▶ [Exercise details] In the records below, the line with "qed simp_all" opens the range and the line with "(map (\<lambda>j. if" closes it; print that range exactly and nothing else.

Entries taken from a collection:
lemma piform_ud_uadd:
  assumes "is_uform ns n u" and "is_uform ns n v"
  shows "piform m \<pi> D (ud ns (uadd u v)) = piform m \<pi> D (ud ns u) + piform m \<pi> D (ud ns v)"
proof -
  have "ud ns (uadd u v) = ud ns u @ ud ns v" by (simp add: uadd_def ud_def)
  then show ?thesis using piform_append[OF ud_uform ud_uform] assms by simp
qed

lemma piform_ud_uneg:
  assumes u: "is_uform ns n u"
  shows "piform m \<pi> D (ud ns (uneg u)) = - piform m \<pi> D (ud ns u)"
proof -
  have "piform m \<pi> D (ud ns (uneg u)) = msum m (map comm_prod (uneg u))"
    by (rule piform_ud[OF uneg_uform[OF u]])
  also have "map comm_prod (uneg u) = map (\<lambda>w. - comm_prod w) u"
    using u by (auto simp: uneg_def pi_uminus comm_uminus[of _ m] elim!: is_uform_wordE)
  also have "msum m \<dots> = - msum m (map comm_prod u)"
    using u by (intro msum_map_uminus) (auto elim!: is_uform_wordE)
  also have "\<dots> = - piform m \<pi> D (ud ns u)"
    by (simp add: piform_ud[OF u])
  finally show ?thesis .
qed

lemma piform_ud_usub:
  "is_uform ns n u \<Longrightarrow> is_uform ns n v \<Longrightarrow>
    piform m \<pi> D (ud ns (usub u v)) = piform m \<pi> D (ud ns u) - piform m \<pi> D (ud ns v)"
  unfolding usub_def by (simp add: piform_ud_uadd piform_ud_uneg) (auto intro: eq_matI)

lemma omega_eq_if_piform_eq:
  assumes "is_uform ns n u" and "is_uform ns n v" and "piform m \<pi> D u = piform m \<pi> D v"
  shows "omega_eq ns m \<pi> D n u v"
  unfolding omega_eq_def
proof (intro exI[of _ "[]"] conjI)
  have "usub (usub u v) (ud ns []) = usub u v"
    by (simp add: usub_def uadd_def uneg_def ud_def)
  then show "piform m \<pi> D (usub (usub u v) (ud ns [])) = 0\<^sub>m m m"
    using assms by (simp add: piform_usub)
qed simp_all

definition block_diagonal :: "complex mat \<Rightarrow> bool" where
  "block_diagonal X \<longleftrightarrow> msum m (map (\<lambda>i. proj i * X * proj i) [0..<length ns]) = X"

lemma block_diagonal_proj_mult:
  assumes "block_diagonal X" and "X \<in> carrier_mat m m" and "i < length ns"
  shows "proj i * X = proj i * X * proj i"
  using msum_proj_sandwich[OF assms(2,3)] assms(1) by (simp add: block_diagonal_def)

lemma xi_uform: "is_uform ns 1 (xi ns)"
  by (auto simp: xi_def is_uform_def)

lemma msum_map_xi:
  fixes h :: "complex mat list \<Rightarrow> complex mat"
  assumes "\<And>i j. h [Pblk ns i, Pblk ns j] \<in> carrier_mat m m"
  shows "msum m (map h (xi ns)) = msum m (map (\<lambda>i.
    msum m (map (\<lambda>j. h [Pblk ns i, Pblk ns j]) [0..<length ns]) - h [Pblk ns i, Pblk ns i]) [0..<length ns])"
proof -
  have row: "msum m (concat (map (\<lambda>j. map h (if i \<noteq> j then [[Pblk ns i, Pblk ns j]] else [])) js))
      = msum m (map (\<lambda>j. if i \<noteq> j then h [Pblk ns i, Pblk ns j] else 0\<^sub>m m m) js)" for i js
    using assms by (induct js) (auto simp: msum_append)
  have "msum m (map h (xi ns)) = msum m (map (\<lambda>i. msum m (concat (map (\<lambda>j.
      map h (if i \<noteq> j then [[Pblk ns i, Pblk ns j]] else [])) [0..<length ns]))) [0..<length ns])"
    unfolding xi_def map_concat using assms by (subst msum_concat) (auto simp: o_def map_concat)
  also have "\<dots> = msum m (map (\<lambda>i. msum m (map (\<lambda>j.
      if i \<noteq> j then h [Pblk ns i, Pblk ns j] else 0\<^sub>m m m) [0..<length ns])) [0..<length ns])"
    by (simp only: row)
  also have "\<dots> = msum m (map (\<lambda>i.
      msum m (map (\<lambda>j. h [Pblk ns i, Pblk ns j]) [0..<length ns]) - h [Pblk ns i, Pblk ns i]) [0..<length ns])"
    by (rule arg_cong[where f = "msum m"], rule map_cong[OF refl], rule msum_if_neq) (use assms in auto)
  finally show ?thesis .
qed

lemma msum_comm_D_proj: "msum m (map (\<lambda>j. comm D (proj j)) [0..<length ns]) = 0\<^sub>m m m"
  using comm_msum[OF D_carrier, of "[0..<length ns]" proj] by (simp add: msum_proj comm_one)

lemma mult_msum_comm_D_proj:
  "A \<in> carrier_mat m m \<Longrightarrow> msum m (map (\<lambda>j. A * comm D (proj j)) [0..<length ns]) = 0\<^sub>m m m"
  using mult_msum_left[of A m "map (\<lambda>j. comm D (proj j)) [0..<length ns]"]
  by (simp add: msum_comm_D_proj o_def)

lemma piform_xi: "piform m \<pi> D (xi ns) = D_off"
proof -
  have "piform m \<pi> D (xi ns) = msum m (map (\<lambda>i. msum m (map (\<lambda>j. proj i * comm D (proj j))
      [0..<length ns]) - proj i * comm D (proj i)) [0..<length ns])"
    unfolding piform_eq_msum by (subst msum_map_xi) (simp_all add: piword_eq)
  also have "\<dots> = msum m (map (\<lambda>i. proj i * D - proj i * D * proj i) [0..<length ns])"
  proof (rule arg_cong[where f = "msum m"], rule map_cong[OF refl])
    fix i
    have "proj i * comm D (proj i) = proj i * D * proj i - proj i * D"
      unfolding comm_def by (simp add: mat_simps proj_mult_proj_mult)
    then show "msum m (map (\<lambda>j. proj i * comm D (proj j)) [0..<length ns]) - proj i * comm D (proj i)
        = proj i * D - proj i * D * proj i"
      by (simp add: mult_msum_comm_D_proj) (auto intro: eq_matI)
  qed
  also have "\<dots> = msum m (map (\<lambda>i. proj i * D) [0..<length ns]) - D_diag"
    unfolding D_diag_def by (rule msum_map_minus) auto
  also have "msum m (map (\<lambda>i. proj i * D) [0..<length ns]) = D"
    using mult_msum_right[OF D_carrier, of "map proj [0..<length ns]"] by (simp add: msum_proj o_def)
  finally show ?thesis unfolding D_off_def .
qed

lemma piform_ud_xi:
  "piform m \<pi> D (ud ns (xi ns))
    = D_off * D_off + msum m (map (\<lambda>i. proj i * (D_off * D_off) * proj i) [0..<length ns])"
proof -
  have "piform m \<pi> D (ud ns (xi ns)) = msum m (map (\<lambda>i. msum m (map (\<lambda>j. comm D (proj i) * comm D (proj j))
      [0..<length ns]) - comm D (proj i) * comm D (proj i)) [0..<length ns])"
    unfolding piform_ud[OF xi_uform] by (subst msum_map_xi) simp_all
  also have "\<dots> = msum m (map (\<lambda>i. D_off * proj i * D_off + proj i * (D_off * D_off) * proj i) [0..<length ns])"
  proof (rule arg_cong[where f = "msum m"], rule map_cong[OF refl])
    fix i assume "i \<in> set [0..<length ns]"
    then have "comm D (proj i) * comm D (proj i) = - (D_off * proj i * D_off) - proj i * (D_off * D_off) * proj i"
      unfolding comm_D_eq_comm_D_off[OF Pblk_alg]
      by (intro comm_square_of_idem) (auto simp: proj_idem proj_D_off_proj)
    then show "msum m (map (\<lambda>j. comm D (proj i) * comm D (proj j)) [0..<length ns]) - comm D (proj i) * comm D (proj i)
        = D_off * proj i * D_off + proj i * (D_off * D_off) * proj i"
      by (simp add: mult_msum_comm_D_proj) (auto intro: eq_matI)
  qed
  also have "\<dots> = msum m (map (\<lambda>i. D_off * proj i * D_off) [0..<length ns])
      + msum m (map (\<lambda>i. proj i * (D_off * D_off) * proj i) [0..<length ns])"
    by (rule msum_map_add) auto
  also have "msum m (map (\<lambda>i. D_off * proj i * D_off) [0..<length ns]) = D_off * D_off"
    using mult_msum_left[OF D_off_carrier, of "map proj [0..<length ns]"]
      mult_msum_right[OF D_off_carrier, of "map (\<lambda>i. D_off * proj i) [0..<length ns]"]
    by (simp add: msum_proj o_def)
  finally show ?thesis .
qed

lemma piword_pair:
  assumes c0: "c0 \<in> alg ns" and c1: "c1 \<in> alg ns" and orth: "\<pi> c0 * \<pi> c1 = 0\<^sub>m m m"
  shows "piword m \<pi> D [c0, c1] = \<pi> c0 * D_off * \<pi> c1"
proof -
  have "piword m \<pi> D [c0, c1] = \<pi> c0 * comm D_off (\<pi> c1)"
    using c1 by (simp add: piword_eq comm_D_eq_comm_D_off)
  also have "\<dots> = \<pi> c0 * D_off * \<pi> c1 - \<pi> c0 * \<pi> c1 * D_off"
    unfolding comm_def using c0 c1 by (simp add: mat_simps)
  finally show ?thesis
    unfolding orth using c0 c1 by (auto intro: eq_matI)
qed

lemma comm_prod_pair:
  assumes c0: "c0 \<in> alg ns" and c1: "c1 \<in> alg ns" and orth: "\<pi> c0 * \<pi> c1 = 0\<^sub>m m m"
    and orth2: "\<pi> c0 * (D_off * D_off) * \<pi> c1 = 0\<^sub>m m m"
  shows "comm_prod [c0, c1] = D_off * piword m \<pi> D [c0, c1] + piword m \<pi> D [c0, c1] * D_off"
  using comm_mult_comm_of_orth[OF D_off_carrier pi_carrier[OF c0] pi_carrier[OF c1] orth orth2] c0 c1
  by (simp add: piword_pair[OF c0 c1 orth] comm_D_eq_comm_D_off)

▶ [Response to the task]
qed simp_all

definition block_diagonal :: "complex mat \<Rightarrow> bool" where
  "block_diagonal X \<longleftrightarrow> msum m (map (\<lambda>i. proj i * X * proj i) [0..<length ns]) = X"

lemma block_diagonal_proj_mult:
  assumes "block_diagonal X" and "X \<in> carrier_mat m m" and "i < length ns"
  shows "proj i * X = proj i * X * proj i"
  using msum_proj_sandwich[OF assms(2,3)] assms(1) by (simp add: block_diagonal_def)

lemma xi_uform: "is_uform ns 1 (xi ns)"
  by (auto simp: xi_def is_uform_def)

lemma msum_map_xi:
  fixes h :: "complex mat list \<Rightarrow> complex mat"
  assumes "\<And>i j. h [Pblk ns i, Pblk ns j] \<in> carrier_mat m m"
  shows "msum m (map h (xi ns)) = msum m (map (\<lambda>i.
    msum m (map (\<lambda>j. h [Pblk ns i, Pblk ns j]) [0..<length ns]) - h [Pblk ns i, Pblk ns i]) [0..<length ns])"
proof -
  have row: "msum m (concat (map (\<lambda>j. map h (if i \<noteq> j then [[Pblk ns i, Pblk ns j]] else [])) js))
      = msum m (map (\<lambda>j. if i \<noteq> j then h [Pblk ns i, Pblk ns j] else 0\<^sub>m m m) js)" for i js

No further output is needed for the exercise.